Beyond Gravity Austria (vormals RUAG Space Austria) zählt mit rund 57 Millionen Euro Umsatz (2025) und rund 250 Mitarbeitenden zu den größten österreichischen Weltraumtechnikunternehmen. Das Hochtechnologieunternehmen rüstet weltweit Satelliten und Trägerraketen mit Elektronik, Mechanik und Thermalisolation aus und hat eigenen Angaben nach eine Exportquote von rund 100 Prozent. Erst kürzlich hat der Weltraumzulieferer seine Produktionsfläche in Niederösterreich verdoppelt – brutkasten berichtete über den 4,5-Millionen-Euro-Ausbau.

Beyond Gravity: Navigationsempfänger für zwei NASA-Wettersatelliten

Nun wird die nächste Generation von US-Wettersatelliten mit Technologie aus Österreich ausgestattet. Beyond Gravity Austria liefert – wie man vermeldet – hochpräzise Navigationsempfänger für zwei NASA-Wettersatelliten, die ab 2032 für die US-Wetterbehörde NOAA ins All starten sollen. Gebaut werden die Satelliten vom US-Unternehmen Lockheed Martin in Colorado.

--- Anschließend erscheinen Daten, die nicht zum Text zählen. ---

(* Let $\mathcal{P}$ be a grid polyomino, $I_{\mathcal{P}}$ its polyomino ideal and $J_{\mathcal{P}}$ its toric ideal. Then $I_{\mathcal{P}}=J_{\mathcal{P}}$.
   Context: A cell is $[a,a+(1,1)]$, $a\in\mathbb{N}^2$, with vertices $a,a+(1,0),a+(0,1),a+(1,1)$; a polyomino is a finite nonempty set of cells, any two joined by a sequence of cells in it with consecutive ones sharing an edge; $V(\mathcal{P})$ is the set of vertices of its cells; $S=\mathbb{K}[x_v\mid v\in V(\mathcal{P})]$, $\mathbb{K}$ a field. For $a\le b$ componentwise, $[a,b]=\{(p,q): a_1\le p\le b_1, a_2\le q\le b_2\}$; if $a_1<b_1$, $a_2<b_2$ it has diagonal corners $a,b$ and anti-diagonal corners $c=(a_1,b_2)$, $d=(b_1,a_2)$, and is an inner interval of $\mathcal{P}$ if all its cells lie in $\mathcal{P}$. $I_{\mathcal{P}}$ is generated by all $x_ax_b-x_cx_d$ for inner intervals $[a,b]$. Grid polyomino: let $m,n\ge1$, $r,s\ge1$, and for $i\in[r]$, $j\in[s]$ let $a_{ij},b_{ij}\in\mathbb{N}^2$ with $1<(a_{ij})_1<(b_{ij})_1<m$, $1<(a_{ij})_2<(b_{ij})_2<n$, such that (1) for each $i$, $(a_{i\ell})_1=(a_{ik})_1$ and $(b_{i\ell})_1=(b_{ik})_1$ for all $\ell,k\in[s]$; (2) for each $j$, $(a_{\ell j})_2=(a_{kj})_2$ and $(b_{\ell j})_2=(b_{kj})_2$ for all $\ell,k\in[r]$; (3) $(a_{i+1,j})_1=(b_{ij})_1+1$ for $i\in[r-1]$ and $(a_{i,j+1})_2=(b_{ij})_2+1$ for $j\in[s-1]$. The grid polyomino $\mathcal{P}$ is the set of cells of $[(1,1),(m,n)]$ not contained in any $[a_{ij},b_{ij}]$; its holes are the sets of cells of the $[a_{ij},b_{ij}]$, with lower left corners $a_{ij}$. Toric ideal: $\mathcal{F}_{i,j}=\{(x,y)\in V(\mathcal{P}): x\le(a_{ij})_1,\ y\le(a_{ij})_2\}$. A horizontal edge interval is a set $\{(t,y):p\le t\le q\}$ with each $\{(t,y),(t+1,y)\}$, $p\le t<q$, an edge of a cell of $\mathcal{P}$; maximal if not strictly contained in another; vertical analogously. Each $a\in V(\mathcal{P})$ lies in a unique maximal horizontal edge interval $H(a)$ and maximal vertical one $V(a)$. With variables $h_H,v_V$ for maximal edge intervals and $w_{i,j}$, define $\varphi:S\to\mathbb{K}[h_H,v_V,w_{i,j}]$, $\varphi(x_a)=h_{H(a)}v_{V(a)}\prod_{(i,j):a\in\mathcal{F}_{i,j}}w_{i,j}$; $J_{\mathcal{P}}=\ker\varphi$. *)

theory Defs
  imports Main "HOL-Library.Poly_Mapping"
begin

(* Points and cells are elements of nat x nat; a cell is identified with its lower-left corner. *)

type_synonym pt = "nat \<times> nat"

type_synonym ('v, 'k) mpoly = "('v \<Rightarrow>\<^sub>0 nat) \<Rightarrow>\<^sub>0 'k"

definition Var :: "'v \<Rightarrow> ('v, 'k::comm_ring_1) mpoly" where
  "Var v = Poly_Mapping.single (Poly_Mapping.single v 1) 1"

definition poly_ring :: "'v set \<Rightarrow> ('v, 'k::comm_ring_1) mpoly set" where
  "poly_ring X = {p::(_,_) mpoly. \<forall>m \<in> Poly_Mapping.keys p. Poly_Mapping.keys m \<subseteq> X}"

definition ideal_gen :: "('v, 'k::comm_ring_1) mpoly set \<Rightarrow> ('v, 'k) mpoly set \<Rightarrow> ('v, 'k) mpoly set" where
  "ideal_gen R G = {p. \<exists>F c. finite F \<and> F \<subseteq> G \<and> (\<forall>g\<in>F. c g \<in> R) \<and> p = (\<Sum>g\<in>F. c g * g)}"

definition subst_hom :: "('v \<Rightarrow> ('w, 'k::comm_ring_1) mpoly) \<Rightarrow> ('v, 'k) mpoly \<Rightarrow> ('w, 'k) mpoly" where
  "subst_hom f p = (\<Sum>m\<in>Poly_Mapping.keys p. Poly_Mapping.single 0 (Poly_Mapping.lookup p m) * (\<Prod>v\<in>Poly_Mapping.keys m. f v ^ Poly_Mapping.lookup m v))"

definition cell_in :: "pt \<Rightarrow> pt \<Rightarrow> pt \<Rightarrow> bool" where
  "cell_in c a b \<longleftrightarrow> fst a \<le> fst c \<and> fst c + 1 \<le> fst b \<and> snd a \<le> snd c \<and> snd c + 1 \<le> snd b"

definition vertices :: "pt set \<Rightarrow> pt set" where
  "vertices P = {(fst c + dx, snd c + dy) | c dx dy. c \<in> P \<and> dx \<le> 1 \<and> dy \<le> 1}"

definition inner_interval :: "pt set \<Rightarrow> pt \<Rightarrow> pt \<Rightarrow> bool" where
  "inner_interval P a b \<longleftrightarrow> fst a < fst b \<and> snd a < snd b \<and> (\<forall>c. cell_in c a b \<longrightarrow> c \<in> P)"

definition polyomino_ideal :: "pt set \<Rightarrow> (pt, 'k::comm_ring_1) mpoly set" where
  "polyomino_ideal P = ideal_gen (poly_ring (vertices P))
     {Var a * Var b - Var (fst a, snd b) * Var (fst b, snd a) | a b. inner_interval P a b}"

Die Navigationsempfänger aus Wien werden – so der Claim – die Position der Satelliten in rund 36.000 Kilometern Höhe mit einer Genauigkeit von weniger als 20 Metern bestimmen.

„Im Rahmen unseres ersten Vertrags mit Lockheed Martin werden wir Navigationsempfänger für zwei NASA-Wettersatelliten liefern. Je genauer die Position des Satelliten durch unseren Empfänger bestimmt wird, desto genauer sind die Wetter- und Umweltdaten“, sagt Kurt Kober, Geschäftsführer von Beyond Gravity Austria. Die Wettersatelliten namens GeoXO sollen die Vorhersage von Unwettern sowie die Überwachung von Umwelt- und Klimaphänomenen in der westlichen Hemisphäre deutlich verbessern.

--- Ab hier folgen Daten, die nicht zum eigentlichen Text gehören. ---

text \<open>A multi-index a = (a_1,...,a_k) is
  a function nat => nat vanishing outside {1..k}. G = Z_{m_1} x ... x Z_{m_k}
  is represented by tuples h :: nat => nat with h i < m i on {1..k}, 0 elsewhere.\<close>

definition Gcarrier :: "(nat \<Rightarrow> nat) \<Rightarrow> nat \<Rightarrow> (nat \<Rightarrow> nat) set" where
  "Gcarrier m k = {h. (\<forall>i\<in>{1..k}. h i < m i) \<and> (\<forall>i. i \<notin> {1..k} \<longrightarrow> h i = 0)}"

text \<open>The element g_i^j of G (j-th power of the fixed generator of the i-th factor).\<close>
definition gpow :: "(nat \<Rightarrow> nat) \<Rightarrow> nat \<Rightarrow> nat \<Rightarrow> (nat \<Rightarrow> nat)" where
  "gpow m i j = (\<lambda>l. if l = i then j mod m i else 0)"

text \<open>Integral group ring ZG: integer-valued functions on G (G is finite).\<close>
definition delta :: "(nat \<Rightarrow> nat) \<Rightarrow> (nat \<Rightarrow> nat) \<Rightarrow> int" where
  "delta h = (\<lambda>x. if x = h then 1 else 0)"

definition Telt :: "(nat \<Rightarrow> nat) \<Rightarrow> nat \<Rightarrow> (nat \<Rightarrow> nat) \<Rightarrow> int" where
  "Telt m i = (\<lambda>x. delta (gpow m i 1) x - delta (\<lambda>_. 0) x)"

definition Nelt :: "(nat \<Rightarrow> nat) \<Rightarrow> nat \<Rightarrow> (nat \<Rightarrow> nat) \<Rightarrow> int" where
  "Nelt m i = (\<lambda>x. \<Sum>j<m i. delta (gpow m i j) x)"

text \<open>Augmentation ZG -> Z; a ZG-element x acts on the trivial module k^* by c |-> c^(aug x).\<close>
definition aug :: "(nat \<Rightarrow> nat) \<Rightarrow> nat \<Rightarrow> ((nat \<Rightarrow> nat) \<Rightarrow> int) \<Rightarrow> int" where
  "aug m k x = (\<Sum>h\<in>Gcarrier m k. x h)"

text \<open>Generators Psi(a) of K_p.\<close>
definition gens :: "nat \<Rightarrow> nat \<Rightarrow> (nat \<Rightarrow> nat) set" where
  "gens k p = {a. (\<forall>i. i \<notin> {1..k} \<longrightarrow> a i = 0) \<and> (\<Sum>i\<in>{1..k}. a i) = p}"

definition unitv :: "nat \<Rightarrow> nat \<Rightarrow> nat" where
  "unitv i = (\<lambda>l. if l = i then 1 else 0)"

text \<open>d_i Psi(a) = (dcoef m i a) * Psi(a - e_i)  (coefficient in ZG).\<close>
definition dcoef :: "(nat \<Rightarrow> nat) \<Rightarrow> nat \<Rightarrow> (nat \<Rightarrow> nat) \<Rightarrow> (nat \<Rightarrow> nat) \<Rightarrow> int" where
  "dcoef m i a = (\<lambda>x. if a i = 0 then 0
      else (-1) ^ (\<Sum>l\<in>{1..<i}. a l) *
           (if even (a i) then Nelt m i x else Telt m i x))"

Nicht die erste NASA-Partnerschaft

Beyond Gravity Austria lieferte schon mehrmals Technik für NASA-Satelliten, etwa einen Navigationsempfänger für den 2018 gestarteten NASA-Umweltsatelliten ICESat-2 oder Navigationsempfänger für den 2024 gestarteten Klimaschutzsatelliten PACE inklusive Thermalisolation für ein NASA-Instrument des Satelliten.

Die Wettersatelliten GeoXO (Geostationary Extended Observations) werden in einer geostationären Umlaufbahn über dem Äquator betrieben. In dieser Höhe von rund 36.000 Kilometern bewegen sie sich mit derselben Geschwindigkeit, wie die Erdrotation und können dadurch kontinuierlich dieselbe Region der Erde beobachten.

© zVg – Infografik zu den GeoXO-Wettermissionen.

„Unsere GEORIX-Empfänger bieten selbst in einer Entfernung von 36.000 Kilometern eine Positionsbestimmung mit einer Genauigkeit von weniger als 20 Metern. Damit setzen wir neue Maßstäbe für präzise Echtzeit-Navigation an Bord von Satelliten“, so Kober. Im Jahr 2023 wurde der erste GEORIX-Navigationsempfänger ins All geschickt; er bestimmt die Position des NASA-Klimainstruments TEMPO, das atmosphärische Gase (Ozon, Stickstoffdioxid und Formaldehyd) sowie Aerosole über Nordamerika misst.

Rund 30 Satelliten nutzen Navigationsempfänger von Beyond Gravity

Insgesamt nutzen derzeit etwa 30 Satelliten Navigationsempfänger von Beyond Gravity zur Positionsbestimmung. Die Empfänger kommen bei Satelliten von der niedrigen Erdumlaufbahn (LEO) bis zur geostationären Erdumlaufbahn (GEO) zum Einsatz, also in Entfernungen von etwa 1.000 Kilometern bis 36.000 Kilometern von der Erde. Alle weltraumgestützten Navigationsempfänger werden am österreichischen Standort von Beyond Gravity in Wien entwickelt und produziert.

Die GeoXO-Mission soll Bilder und atmosphärische Messungen der westlichen Hemisphäre der Erde und eine Echtzeit-Erfassung der Blitzaktivität liefern sowie kurzfristige Wettervorhersagen und Warnungen vor Extremwetter und Umweltgefahren unterstützen.